Two men or two women can pretend to marital love, but they cannot achieve it. Why? Their physical relationship is absolutely closed to family life. If they can convince some stranger to collaborate in the production of children, the child born will never be the reflection of the beloved. Even opposite sex couples who cannot have children participate in family life by their openness to children. By their faithfulness and self sacrifice they strengthen the bonds by which societies are made whole. A same-sex couple BY ITS NATURE cannot be the cause of intense and passionate family life.
I remember my mother, an old woman standing by the coffin of her husband, my father. He had been the love of her life since college, almost 50 years before.

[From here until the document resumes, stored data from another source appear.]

(* Let $p$ be a prime. Up to scaling by $\mathbb{F}_p^\times$, there are $p^5$ forms $\overline F=\sum_{i,j}a_{ij}X_0^{2-i}X_1^iY_0^{2-j}Y_1^j$ over $\mathbb{F}_p$ with $a_{00}=a_{01}=a_{10}=0$ and $a_{20}\ne 0$ (equivalently, the curve $\overline F=0$ in $\mathbb{P}^1\times\mathbb{P}^1$ is singular at $((1:0),(1:0))$ and does not contain the line $Y_1=0$). The numbers of these in Cases 1(i), 1(ii), 1(iii), 2, 3, 4, 5 are respectively $$s_{11}=p^3(p-1)/2,\ s_{12}=0,\ s_{13}=p(p-1)^2/2,\ s_2=0,\ s_3=p(p-1)/2,\ s_4=p(p-1),\ s_5=p.$$ Moreover, those in Cases 1(i), 1(iii) and 4 all satisfy $a_{02}\ne 0$, while those in Cases 3 and 5 all satisfy $a_{02}=0$.
   Context: A $(2,2)$-form over $\mathbb{F}_p$ is a polynomial homogeneous of degree 2 in $(X_0,X_1)$ and of degree 2 in $(Y_0,Y_1)$, defining a curve in $\mathbb{P}^1\times\mathbb{P}^1$; a $(d_1,d_2)$-form is defined analogously. The cases are: Case 1: the form is irreducible over $\mathbb{F}_p$ but factors over $\mathbb{F}_{p^2}$ as a $(1,1)$-form times its Galois conjugate, so its curve is geometrically two rational curves; Cases 1(i), 1(ii), 1(iii): these two curves meet in a pair of $\mathbb{F}_p$-points, a pair of conjugate $\mathbb{F}_{p^2}$-points, or a single $\mathbb{F}_p$-point, respectively. Case 2: product of an irreducible $(2,0)$-form and an irreducible $(0,2)$-form. Case 3: an irreducible $(2,0)$-form times the square of a $(0,1)$-form, or an irreducible $(0,2)$-form times the square of a $(1,0)$-form. Case 4: the square of an irreducible $(1,1)$-form. Case 5: the square of a $(1,0)$-form times the square of a $(0,1)$-form. *)

theory Defs
  imports Main "HOL-Computational_Algebra.Primes"
begin

text \<open>A (d1,d2)-form is encoded by its coefficient function f, where f i j is the
coefficient of X0^(d1-i) X1^i Y0^(d2-j) Y1^j; it vanishes for i > d1 or j > d2.\<close>

definition is_form :: "nat \<Rightarrow> nat \<Rightarrow> (nat \<Rightarrow> nat \<Rightarrow> 'a::zero) \<Rightarrow> bool" where
  "is_form d1 d2 f \<longleftrightarrow> (\<forall>i j. (d1 < i \<or> d2 < j) \<longrightarrow> f i j = 0)"

definition fmul :: "(nat \<Rightarrow> nat \<Rightarrow> 'a::comm_semiring_1) \<Rightarrow> (nat \<Rightarrow> nat \<Rightarrow> 'a) \<Rightarrow> nat \<Rightarrow> nat \<Rightarrow> 'a" where
  "fmul f g = (\<lambda>i j. \<Sum>i1\<le>i. \<Sum>j1\<le>j. f i1 j1 * g (i - i1) (j - j1))"

definition fscale :: "'a::times \<Rightarrow> (nat \<Rightarrow> nat \<Rightarrow> 'a) \<Rightarrow> nat \<Rightarrow> nat \<Rightarrow> 'a" where
  "fscale c f = (\<lambda>i j. c * f i j)"

text \<open>Irreducibility of a (d1,d2)-form as a polynomial over the field: nonzero, not a unit
(nonconstant), and not a product of two nonconstant forms (every factor of a bihomogeneous
polynomial is bihomogeneous).\<close>
definition irred_form :: "nat \<Rightarrow> nat \<Rightarrow> (nat \<Rightarrow> nat \<Rightarrow> 'a::field) \<Rightarrow> bool" where
  "irred_form d1 d2 F \<longleftrightarrow> is_form d1 d2 F \<and> F \<noteq> (\<lambda>i j. 0) \<and> (d1, d2) \<noteq> (0, 0) \<and>
     \<not> (\<exists>e1 e2 G H. e1 \<le> d1 \<and> e2 \<le> d2 \<and> (e1, e2) \<noteq> (0, 0) \<and> (e1, e2) \<noteq> (d1, d2) \<and>
          is_form e1 e2 G \<and> is_form (d1 - e1) (d2 - e2) H \<and> F = fmul G H)"

definition eval_form :: "nat \<Rightarrow> nat \<Rightarrow> (nat \<Rightarrow> nat \<Rightarrow> 'a::comm_ring_1) \<Rightarrow> 'a \<times> 'a \<Rightarrow> 'a \<times> 'a \<Rightarrow> 'a" where
  "eval_form d1 d2 f P Q = (\<Sum>i\<le>d1. \<Sum>j\<le>d2.
      f i j * fst P ^ (d1 - i) * snd P ^ i * fst Q ^ (d2 - j) * snd Q ^ j)"

text \<open>Points of P^1 over a field, normalised representatives (1:t) and (0:1).\<close>
definition P1 :: "('a::field \<times> 'a) set" where
  "P1 = {(1, t) | t. True} \<union> {(0, 1)}"

text \<open>Galois conjugate (Frobenius z \<mapsto> z^p on coefficients) of a form over F_{p^2}.\<close>
definition gconj :: "nat \<Rightarrow> (nat \<Rightarrow> nat \<Rightarrow> 'K::field) \<Rightarrow> nat \<Rightarrow> nat \<Rightarrow> 'K" where
  "gconj p G = (\<lambda>i j. G i j ^ p)"

definition conj_factor :: "nat \<Rightarrow> ('k::field \<Rightarrow> 'K::field) \<Rightarrow> (nat \<Rightarrow> nat \<Rightarrow> 'k) \<Rightarrow> (nat \<Rightarrow> nat \<Rightarrow> 'K) \<Rightarrow> bool" where
  "conj_factor p emb F G \<longleftrightarrow> is_form 1 1 G \<and> (\<lambda>i j. emb (F i j)) = fmul G (gconj p G)"

definition conj_inter :: "nat \<Rightarrow> (nat \<Rightarrow> nat \<Rightarrow> 'K::field) \<Rightarrow> (('K \<times> 'K) \<times> ('K \<times> 'K)) set" where
  "conj_inter p G = {(P, Q). P \<in> P1 \<and> Q \<in> P1 \<and> eval_form 1 1 G P Q = 0 \<and>
                              eval_form 1 1 (gconj p G) P Q = 0}"

definition rational_pt :: "('k \<Rightarrow> 'K) \<Rightarrow> ('K \<times> 'K) \<times> ('K \<times> 'K) \<Rightarrow> bool" where
  "rational_pt emb z \<longleftrightarrow> fst (fst z) \<in> range emb \<and> snd (fst z) \<in> range emb \<and>
                          fst (snd z) \<in> range emb \<and> snd (snd z) \<in> range emb"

She touched the cold dead hand in the coffin and then quietly took my brother John’s warm and living hand. She held the flesh that the two had become and was consoled. “For this a man leaves his mother and father and clings to his wife and the two become one flesh.”
We live in a world of convoluted relationships, in which the few children we have are more often than not reminders of failed relationships. We love them but they are not the one flesh that a man and woman can become. What was the strength of Christian civilization has become the failure of enlightenment defiance. We decided that we were the masters of nature and so have come to be unnatural. And that is the strongest argument I know against same-sex marriage.